Surabaya (beritajatim.com) – Skin barrier merupakan lapisan kulit yang letaknya paling luar dan berguna untuk melindungi kulit dari beragam gangguan eksternal.
Meski begitu, skin barrier bisa saja rusak karena beragam alasan. Sehingga hal ini dapat memicu berbagai masalah kulit. Tak ayal jika garda terdepan pada kulit ini perlu dijaga kesehatannya.
Ketika skin barrier rusak biasanya akan timbul gejala-gejala tertentu, seperti kulit terasa lebih kasar, kering, dan gatal. Ada juga yang kulitnya mengalami iritasi serta muncul ruam-ruam kemerahan.
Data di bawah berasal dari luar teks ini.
lemma eventually_torus_realizable_approx_square_diff:
  fixes t :: "'a \<Rightarrow> real"
  assumes A: "finite A" and \<eta>: "0 < \<eta>"
  shows "eventually (\<lambda>p. \<exists>D. torus_realizable p A D \<and>
           (\<forall>a\<in>A. \<forall>a'\<in>A. \<bar>D a a' - (t a - t a')^2\<bar> \<le> \<eta>)) sequentially"
proof -
  \<comment> \<open>Round \<open>M * t\<close> to integers \<open>c\<close>; for large \<open>p\<close> the rescaled squared chord of \<open>c a - c a'\<close>
    is close to \<open>((c a - c a') / M)\<^sup>2\<close>, which is close to \<open>(t a - t a')\<^sup>2\<close>.\<close>
  define T where "T = (\<Sum>a\<in>A. \<bar>t a\<bar>)"
  define M where "M = 1 + (8 * T + 2) / \<eta>"
  define c where "c a = round (M * t a)" for a
  define S where "S = 2 * M * T + 1"
  have T: "\<bar>t a - t a'\<bar> \<le> 2 * T" if "a \<in> A" "a' \<in> A" for a a'
    using member_le_sum[of a A "\<lambda>a. \<bar>t a\<bar>"] member_le_sum[of a' A "\<lambda>a. \<bar>t a\<bar>"] that A
    by (simp add: T_def)
  have "0 \<le> T" by (simp add: T_def sum_nonneg)
  then have M: "1 \<le> M" "1 / M * (4 * T + 1) \<le> \<eta> / 2"
    using \<eta> by (auto simp: M_def field_simps)
  have round: "\<bar>of_int (c a - c a') / M - (t a - t a')\<bar> \<le> 1 / M" for a a'
    unfolding c_def using M(1) by (intro round_diff_approx) simp
  have S: "\<bar>of_int (c a - c a')\<bar> \<le> S" if "a \<in> A" "a' \<in> A" for a a'
  proof -
    let ?u = "of_int (c a - c a') / M"
    have "\<bar>?u\<bar> \<le> \<bar>?u - (t a - t a')\<bar> + \<bar>t a - t a'\<bar>"
      using abs_triangle_ineq[of "?u - (t a - t a')" "t a - t a'"] by simp
    then have "\<bar>?u\<bar> \<le> 2 * T + 1 / M"
      using round[of a a'] T[OF that] by linarith
    then show ?thesis using M(1) by (simp add: S_def field_simps)
  qed
  have "eventually (\<lambda>p. max 1 (pi * S^2 / (M * sqrt (3 * \<eta> / 2))) \<le> real p) sequentially"
    using filterlim_real_sequentially unfolding filterlim_at_top by blast
  then show ?thesis
  proof (rule eventually_mono)
    fix p :: nat
    assume p: "max 1 (pi * S^2 / (M * sqrt (3 * \<eta> / 2))) \<le> real p"
    define D where "D a a' = (real p / (2 * pi * M))^2 * chord_sq p (c a - c a')" for a a'
    have "torus_realizable p A D"
      unfolding D_def by (intro torus_realizable_scale torus_realizable_chord_sq) simp
    moreover have "\<bar>D a a' - (t a - t a')^2\<bar> \<le> \<eta>" if a: "a \<in> A" and a': "a' \<in> A" for a a'
    proof -
      have "\<bar>D a a' - (of_int (c a - c a') / M)^2\<bar> \<le> \<eta> / 2"
        unfolding D_def using p M(1) \<eta> S[OF a a']
        by (intro chord_sq_approx_rescaled) (auto simp: pos_divide_le_eq)
      moreover have "\<bar>(of_int (c a - c a') / M)^2 - (t a - t a')^2\<bar>
          \<le> 1 / M * (2 * \<bar>t a - t a'\<bar> + 1 / M)"
        by (rule abs_square_diff_le[OF round])
      moreover have "\<dots> \<le> 1 / M * (4 * T + 1)"
      proof -
        have "1 / M \<le> 1" using M(1) by simp
        moreover have "2 * \<bar>t a - t a'\<bar> \<le> 4 * T" using T[OF a a'] by simp
        ultimately have "2 * \<bar>t a - t a'\<bar> + 1 / M \<le> 4 * T + 1" by simp
        then show ?thesis using M(1) by (intro mult_left_mono) auto
      qed
      ultimately show ?thesis using M(2) by linarith
    qed
    ultimately show "\<exists>D. torus_realizable p A D \<and> (\<forall>a\<in>A. \<forall>a'\<in>A. \<bar>D a a' - (t a - t a')^2\<bar> \<le> \<eta>)"
      by blast
  qed
qed

lemma eventually_torus_realizable_approx_sqdist:
  fixes b :: "'a \<Rightarrow> nat \<Rightarrow> real"
  assumes A: "finite A" and \<eta>: "0 < \<eta>"
  shows "eventually (\<lambda>p. \<exists>D. torus_realizable p A D \<and>
           (\<forall>a\<in>A. \<forall>a'\<in>A. \<bar>D a a' - sqdist k (b a) (b a')\<bar> \<le> \<eta>)) sequentially"
proof -
  define \<epsilon> where "\<epsilon> = \<eta> / (real k + 1)"
  have \<epsilon>: "0 < \<epsilon>" "real k * \<epsilon> \<le> \<eta>" using \<eta> by (auto simp: \<epsilon>_def field_simps)
  have "eventually (\<lambda>p. \<forall>l\<in>{..<k}. \<exists>D. torus_realizable p A D \<and>
          (\<forall>a\<in>A. \<forall>a'\<in>A. \<bar>D a a' - (b a l - b a' l)^2\<bar> \<le> \<epsilon>)) sequentially"
    using eventually_torus_realizable_approx_square_diff[OF A \<epsilon>(1)]
    by (simp add: eventually_ball_finite)
  then show ?thesis
  proof (rule eventually_mono)
    fix p
    assume "\<forall>l\<in>{..<k}. \<exists>D. torus_realizable p A D \<and>
              (\<forall>a\<in>A. \<forall>a'\<in>A. \<bar>D a a' - (b a l - b a' l)^2\<bar> \<le> \<epsilon>)"
    then obtain D where D: "\<And>l. l < k \<Longrightarrow> torus_realizable p A (D l)"
      and close: "\<And>l a a'. l < k \<Longrightarrow> a \<in> A \<Longrightarrow> a' \<in> A \<Longrightarrow> \<bar>D l a a' - (b a l - b a' l)^2\<bar> \<le> \<epsilon>"
      by (metis lessThan_iff)
    have "torus_realizable p A (\<lambda>a a'. \<Sum>l<k. D l a a')"
      using D by (intro torus_realizable_sum) auto
    moreover have "\<bar>(\<Sum>l<k. D l a a') - sqdist k (b a) (b a')\<bar> \<le> \<eta>" if "a \<in> A" "a' \<in> A" for a a'
    proof -
      have "\<bar>(\<Sum>l<k. D l a a') - sqdist k (b a) (b a')\<bar> \<le> (\<Sum>l<k. \<bar>D l a a' - (b a l - b a' l)^2\<bar>)"
        unfolding sqdist_def sum_subtractf[symmetric] by (rule sum_abs)
      also have "\<dots> \<le> real k * \<epsilon>"
        using sum_mono[of "{..<k}" "\<lambda>l. \<bar>D l a a' - (b a l - b a' l)^2\<bar>" "\<lambda>_. \<epsilon>"] close that by simp
      finally show ?thesis using \<epsilon>(2) by linarith
    qed
    ultimately show "\<exists>D. torus_realizable p A D \<and>
        (\<forall>a\<in>A. \<forall>a'\<in>A. \<bar>D a a' - sqdist k (b a) (b a')\<bar> \<le> \<eta>)" by blast
  qed
qed

section \<open>Affinely independent sets\<close>

lemma dual_family_exists:
  fixes V :: "'i \<Rightarrow> nat \<Rightarrow> real"
  assumes "finite I"
    and "\<forall>l. (\<forall>i<k. (\<Sum>j\<in>I. l j * V j i) = 0) \<longrightarrow> (\<forall>j\<in>I. l j = 0)"
  shows "\<exists>w. \<forall>j\<in>I. \<forall>j'\<in>I. dot k (w j) (V j') = (if j = j' then 1 else 0)"
  using assms
proof (induction I rule: finite_induct)
  case empty
  then show ?case by simp
next
  case (insert v I)
  have "\<forall>l. (\<forall>i<k. (\<Sum>j\<in>I. l j * V j i) = 0) \<longrightarrow> (\<forall>j\<in>I. l j = 0)"
  proof (intro allI impI)
    fix l assume l: "\<forall>i<k. (\<Sum>j\<in>I. l j * V j i) = 0"
    have "(\<Sum>j\<in>insert v I. (l(v := 0)) j * V j i) = (\<Sum>j\<in>I. l j * V j i)" for i
    proof -
      have "(\<Sum>j\<in>I. (l(v := 0)) j * V j i) = (\<Sum>j\<in>I. l j * V j i)"
        using insert.hyps(2) by (intro sum.cong) auto
      then show ?thesis using insert.hyps by simp
    qed
    then have "\<forall>j\<in>insert v I. (l(v := 0)) j = 0"
      using insert.prems[rule_format, of "l(v := 0)"] l by simp
    then show "\<forall>j\<in>I. l j = 0" using insert.hyps(2) by (metis fun_upd_other insertCI)
  qed
  then obtain w' where w': "\<forall>j\<in>I. \<forall>j'\<in>I. dot k (w' j) (V j') = (if j = j' then 1 else 0)"
    using insert.IH by blast
  \<comment> \<open>\<open>z\<close> is \<open>V v\<close> minus a combination of the \<open>V j\<close>, hence nonzero; \<open>Q\<close> projects along
    the \<open>w' j\<close> onto the orthogonal complement of the \<open>V j\<close>, and \<open>Q z\<close> pairs with \<open>V v\<close> to \<open>|z|\<^sup>2\<close>.\<close>
  define z where "z = (\<lambda>i. V v i - (\<Sum>j\<in>I. dot k (w' j) (V v) * V j i))"
  define Q where "Q x = (\<lambda>i. x i - (\<Sum>j\<in>I. dot k x (V j) * w' j i))" for x
  have "\<exists>i<k. z i \<noteq> 0"
  proof (rule ccontr)
    assume z: "\<not> (\<exists>i<k. z i \<noteq> 0)"
    define l where "l j = (if j = v then 1 else - dot k (w' j) (V v))" for j
    have "(\<Sum>j\<in>insert v I. l j * V j i) = z i" for i
    proof -
      have "(\<Sum>j\<in>I. l j * V j i) = (\<Sum>j\<in>I. - (dot k (w' j) (V v) * V j i))"
        using insert.hyps(2) by (intro sum.cong) (auto simp: l_def)
      then show ?thesis using insert.hyps by (simp add: z_def l_def sum_negf)
    qed
    then have "l v = 0" using insert.prems[rule_format, of l] z by simp
    then show False by (simp add: l_def)
  qed
  then have D: "0 < dot k z z" using dot_self_pos by blast
  have Q_orth: "dot k (Q x) (V j) = 0" if "j \<in> I" for x j
    using w' that insert.hyps(1)
    by (simp add: Q_def dot_diff_left dot_sum_left if_distrib[where f="\<lambda>x. _ * x"] cong: if_cong)
  have Q_v: "dot k (Q z) (V v) = dot k z z"
  proof -
    have "dot k (Q z) (V v) = dot k z (V v) - (\<Sum>j\<in>I. dot k z (V j) * dot k (w' j) (V v))"
      by (simp add: Q_def dot_diff_left dot_sum_left)
    moreover have "dot k z z = dot k (V v) z - (\<Sum>j\<in>I. dot k (w' j) (V v) * dot k (V j) z)"
      by (subst (1) z_def) (simp add: dot_diff_left dot_sum_left)
    ultimately show ?thesis by (simp add: dot_commute mult.commute)
  qed
  define u where "u = (\<lambda>i. Q z i / dot k z z)"
  have u_v: "dot k u (V v) = 1" using Q_v D by (simp add: u_def dot_divide_left)
  have u_I: "dot k u (V j) = 0" if "j \<in> I" for j using Q_orth[OF that] by (simp add: u_def dot_divide_left)
  define w where "w j = (if j = v then u else (\<lambda>i. w' j i - dot k (w' j) (V v) * u i))" for j
  have "dot k (w j) (V j') = (if j = j' then 1 else 0)" if "j \<in> insert v I" "j' \<in> insert v I" for j j'
    using that w' u_v u_I insert.hyps(2)
    by (cases "j = v") (auto simp: w_def dot_diff_left dot_scale_left)
  then show ?case by blast
qed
Gejala lainnya yang kerap terjadi ialah hiperpigmentasi pada kulit, muncul tanda-tanda penuaan dini, hingga jerawat lebih sering muncul bahkan sulit untuk disembuhkan.
Rusaknya skin barrier bisa disebabkan karena berbagai faktor, seperti dampak dari paparan sinar matahari secara langsung. Terlebih tanpa pemakaian sunscreen.
Bisa juga karena genetik, usia yang tidak lagi muda, pola hidup yang tidak sehat, hingga faktor lingkungan dan polusi udara. Semua hal tersebut kerap menjadi pemicu utama skin barrier rusak.
Jika demikian maka kamu perlu segera mengatasinya dengan cara-cara berikut ini, di antaranya;
Terapkan basic skincare
Hal pertama yang perlu kamu lakukan untuk memperbaiki skin barrier yang rusak ialah dengan menerapkan basic skincare, seperti cleanser, moisturizer, dan sunscreen. Hindari penggunaan eksfoliasi.
Hidrasi yang cukup
Hidrasi pada kulit yang cukup juga sangat diperlukan. Hal ini agar kulit tidak mudah kering dan rusak. Maka gunakan produk-produk yang memang diperlukan, seperti hydrating toner, hydrating serum, dan sejenisnya.
[berita-terkait number=”5″ tag=”cara”]
Gunakan skincare khusus skin barrier
Kamu juga perlu gunakan skincare khusus yang fokus untuk memperbaiki skin barrier yang rusak, seperti squalane, ceramide, niacinamide, hyaluronis acid, hingga centella asiatica.
Hindari yang dapat memicu iritasi
Penggunaan skincare tentu tidak boleh sembarangan. Terlebih yang harus diperhatikan ialah penggunaan yang memang cocok untuk kebutuhan kulit kamu. Jangan gunakan skincare yang dapat memicu iritasi, seperti alcohol, fragrance, dan sebagainya.
Perbaiki pola hidup
Pola hidup yang buruk tentu dapat mempengaruhi kesehatan kulit, khususnya skin barrier. Tak ayal memperbaiki pola hidup menjadi lebih sehat sangat diperlukan. Seperti rajin berolahraga, mengonsumsi buah dan sayur, istirahat yang cukup dan menjaga kebersihan. (fyi/ian)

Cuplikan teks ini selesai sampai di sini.